Gute Gründe, dass der Wolf zurück ist
Viele Menschen sehen die Rückkehr des Wolfes mit gemischten Gefühlen. Die Debatte darüber ist sehr emotionsgeladen und Forderungen nach Abschussgenehmigungen der geschützten Tiere werden laut. Neben Angst und Besorgnis gibt es aber auch die Freude über die Rückkehr des Wolfes. Er gilt nämlich als ein wichtiger und unverzichtbarer Teil unseres heimischen Ökosystems. Im Rudel jagt der Wolf vorzugsweise alte oder kranke Tiere. Deshalb wird er auch als die Gesundheitspolizei des Waldes bezeichnet. Durch das natürliche Ausselektieren wird der Wildbestand fit gehalten und die Anzahl der Tiere reguliert. Das ist wichtig für den Baumnachwuchs in unseren heimischen Wäldern. Viele Wildtiere wie Rehe oder Hirsche fressen am liebsten die Knospen von jungen Bäumen und anderen Pflanzen und hindern sie dadurch am Wachsen. Kippt das Gleichgewicht, hat das Auswirkungen auf die Entwicklung unserer Wälder. „Aktuell gibt es in Österreich noch zu wenig Wölfe, dass man ihren Einfluss auf das Wild bemerken würde. Doch grundsätzlich spielt der Wolf für die Gesundheit des Waldes eine essenzielle Rolle“, so Pichler. Wölfe sind zudem dem Menschen gegenüber sehr scheu. Wirklich gefährlich werden sie nur, wenn sie krank sind oder an Hunger leiden. Eine Begegnung zwischen Mensch und Wolf ist laut Biolog:innen nicht auszuschließen, aber sehr unwahrscheinlich.
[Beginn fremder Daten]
lemma abs_poisson_mixture_diff_le:
  assumes lt: "lam \<ge> 0" "t \<ge> 0" and bounded: "\<And>n. \<bar>a n\<bar> \<le> 1" "\<And>n. \<bar>b n\<bar> \<le> 1"
  shows "\<bar>(\<Sum>n. poisson_weight lam t n * a n) - (\<Sum>n. poisson_weight lam t n * b n)\<bar>
           \<le> (\<Sum>n. poisson_weight lam t n * \<bar>a n - b n\<bar>)"
proof -
  let ?p = "poisson_weight lam t"
  have abs_eq: "(\<lambda>n. \<bar>?p n * (a n - b n)\<bar>) = (\<lambda>n. ?p n * \<bar>a n - b n\<bar>)"
    using poisson_weight_nonneg[OF lt] by (simp add: abs_mult)
  have "\<bar>\<bar>a n - b n\<bar>\<bar> \<le> 2" for n
    using bounded[of n] by auto
  hence "summable (\<lambda>n. ?p n * \<bar>a n - b n\<bar>)"
    by (rule summable_poisson_weight_mult[OF lt])
  hence "\<bar>\<Sum>n. ?p n * (a n - b n)\<bar> \<le> (\<Sum>n. ?p n * \<bar>a n - b n\<bar>)"
    using summable_rabs[of "\<lambda>n. ?p n * (a n - b n)"] abs_eq by simp
  moreover have "(\<Sum>n. ?p n * a n) - (\<Sum>n. ?p n * b n) = (\<Sum>n. ?p n * (a n - b n))"
    using suminf_diff[OF summable_poisson_weight_mult[OF lt bounded(1)]
                         summable_poisson_weight_mult[OF lt bounded(2)]]
    by (simp add: right_diff_distrib)
  ultimately show ?thesis by simp
qed

lemma tv_norm_poisson_mixture_diff_le:
  fixes a b :: "nat \<Rightarrow> 'v::finite \<Rightarrow> real"
  assumes lt: "lam \<ge> 0" "t \<ge> 0"
    and bounded: "\<And>n w. \<bar>a n w\<bar> \<le> 1" "\<And>n w. \<bar>b n w\<bar> \<le> 1"
    and tv_le: "\<And>n. tv_norm (\<lambda>w. a n w - b n w) \<le> B"
  shows "tv_norm (\<lambda>w. (\<Sum>n. poisson_weight lam t n * a n w) - (\<Sum>n. poisson_weight lam t n * b n w)) \<le> B"
proof -
  let ?p = "poisson_weight lam t"
  have "\<bar>\<bar>a n w - b n w\<bar>\<bar> \<le> 2" for n w
    using bounded[of n w] by auto
  hence summable_diff: "summable (\<lambda>n. ?p n * \<bar>a n w - b n w\<bar>)" for w
    by (rule summable_poisson_weight_mult[OF lt])
  have "tv_norm (\<lambda>w. (\<Sum>n. ?p n * a n w) - (\<Sum>n. ?p n * b n w))
          \<le> (\<Sum>w\<in>UNIV. \<Sum>n. ?p n * \<bar>a n w - b n w\<bar>)"
    unfolding tv_norm_def using bounded by (intro sum_mono abs_poisson_mixture_diff_le[OF lt])
  also have "\<dots> = (\<Sum>n. ?p n * tv_norm (\<lambda>w. a n w - b n w))"
    by (simp add: suminf_sum[OF summable_diff, symmetric] tv_norm_def sum_distrib_left)
  also have "\<dots> \<le> (\<Sum>n. ?p n * B)"
  proof (rule suminf_le)
    show "?p n * tv_norm (\<lambda>w. a n w - b n w) \<le> ?p n * B" for n
      using poisson_weight_nonneg[OF lt] tv_le by (intro mult_left_mono)
    show "summable (\<lambda>n. ?p n * B)"
      using sums_mult2[OF sums_poisson_weight] by (auto simp: sums_iff)
    show "summable (\<lambda>n. ?p n * tv_norm (\<lambda>w. a n w - b n w))"
      using summable_sum[of UNIV "\<lambda>w n. ?p n * \<bar>a n w - b n w\<bar>"] summable_diff
      by (simp add: tv_norm_def sum_distrib_left)
  qed
  also have "\<dots> = B"
    using sums_mult2[OF sums_poisson_weight[of lam t], of B] by (simp add: sums_iff)
  finally show ?thesis .
qed

lemma sum_power_div_le:
  fixes z :: real
  assumes "m \<ge> 1" "0 \<le> z" "z < 1"
  shows "(\<Sum>k<n. z ^ (k div m)) \<le> real m / (1 - z)"
proof -
  define q where "q = n div m + 1"
  have "q * m = n div m * m + m"
    by (simp add: q_def)
  hence "n \<le> q * m"
    using assms(1) mod_less_divisor[of m n] div_mult_mod_eq[of n m] by linarith
  hence "(\<Sum>k<n. z ^ (k div m)) \<le> (\<Sum>k<q * m. z ^ (k div m))"
    using assms by (intro sum_mono2) auto
  also have "\<dots> = (\<Sum>j<q. \<Sum>k\<in>{j * m..<j * m + m}. z ^ (k div m))"
    by (rule sum.nat_group[symmetric])
  also have "\<dots> = (\<Sum>j<q. real m * z ^ j)"
  proof (rule sum.cong[OF refl])
    fix j
    have "k div m = j" if "k \<in> {j * m..<j * m + m}" for k
      using assms(1) that by (auto intro!: div_nat_eqI simp: mult.commute)
    thus "(\<Sum>k\<in>{j * m..<j * m + m}. z ^ (k div m)) = real m * z ^ j"
      by simp
  qed
  also have "\<dots> = real m * ((1 - z ^ q) / (1 - z))"
    using assms by (simp add: sum_distrib_left[symmetric] sum_gp_strict)
  also have "\<dots> \<le> real m / (1 - z)"
    using assms by (simp add: divide_right_mono)
  finally show ?thesis .
qed

lemma tv_norm_add_le: "tv_norm (\<lambda>w. f w + g w) \<le> tv_norm f + tv_norm (g :: 'v::finite \<Rightarrow> real)"
  unfolding tv_norm_def by (simp add: sum.distrib[symmetric] sum_mono abs_triangle_ineq)

lemma distribution_abs_le_1:
  fixes \<nu> :: "'v::finite \<Rightarrow> real"
  assumes "\<And>u. \<nu> u \<ge> 0" "(\<Sum>u\<in>UNIV. \<nu> u) = 1"
  shows "\<bar>\<nu> w\<bar> \<le> 1"
  using member_le_sum[of w UNIV \<nu>] assms by simp

lemma dirac_dist_nonneg: "dirac_dist a w \<ge> 0"
  by (simp add: dirac_dist_def)

lemma sum_dirac_dist: "(\<Sum>w\<in>UNIV. dirac_dist (a :: 'v::finite) w) = 1"
  by (simp add: dirac_dist_def)

locale stochastic_absorbing =
  fixes P :: "'x \<Rightarrow> 'v::finite \<Rightarrow> 'v \<Rightarrow> real" and A :: "'v set"
  assumes nonneg: "\<And>x u w. P x u w \<ge> 0"
    and row_sum: "\<And>x u. (\<Sum>w\<in>UNIV. P x u w) = 1"
    and absorbing: "\<And>a x. a \<in> A \<Longrightarrow> P x a a = 1"
begin

lemma absorbing_row: "a \<in> A \<Longrightarrow> P x a = dirac_dist a"
proof
  fix w
  assume a: "a \<in> A"
  have "(\<Sum>w\<in>UNIV - {a}. P x a w) = 0"
    using row_sum[of x a] absorbing[OF a] by (simp add: sum.remove[of UNIV a])
  hence "P x a w = 0" if "w \<noteq> a"
    using that by (simp add: sum_nonneg_eq_0_iff nonneg)
  thus "P x a w = dirac_dist a w"
    using absorbing[OF a] by (auto simp: dirac_dist_def)
qed

lemma step_dist_dirac_absorbing: "a \<in> A \<Longrightarrow> step_dist P x (dirac_dist a) = dirac_dist a"
  unfolding step_dist_def by (simp add: dirac_dist_def if_distrib[of "\<lambda>c. c * _"] absorbing_row cong: if_cong)

lemma frozen_dist_absorbing: "a \<in> A \<Longrightarrow> frozen_dist P x a m = dirac_dist a"
  by (induct m) (simp_all add: frozen_dist_def step_dist_dirac_absorbing)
„Die Verantwortung liegt bei uns allen!“
Für Albin Blaschka ist es wichtig, dass es zu einem Umdenken in der gesamten Gesellschaft kommt. „Damit eine friedliche Koexistenz mit dem Wolf überhaupt funktionieren kann, ist es wichtig, dass nicht nur Wolf, Schafe und Bauern etwas verändern. Wir alle müssen etwas tun“, so Blaschka. Laut dem Experten braucht es Aufklärung. Angefangen damit, dass sich das Bild des Wolfes in der Gesellschaft ändert. „Der Wolf ist kein bösartiges Raubtier, er ist aber auch kein Kuscheltier – wie alle Tiere auf der Alm oder im Wald. Wir Menschen müssen endlich lernen, ihnen auch dementsprechend gegenüberzutreten und beispielsweise auf der Alm den eigenen Hund nicht freilaufen zu lassen. Oder durch Gebiete zu gehen, die gerade abgesperrt sind. Denn ein Wolf kann Schilder oder Absperrungen nicht lesen oder erkennen, wir Menschen aber schon“, erklärt Blaschka. Deswegen ist es für ihn essenziell eine ganzheitliche Lösung zu finden. Der Wolf ist gekommen, um zu bleiben. Es liegt nun an uns, zu lernen, mit ihm friedlich zusammenzuleben.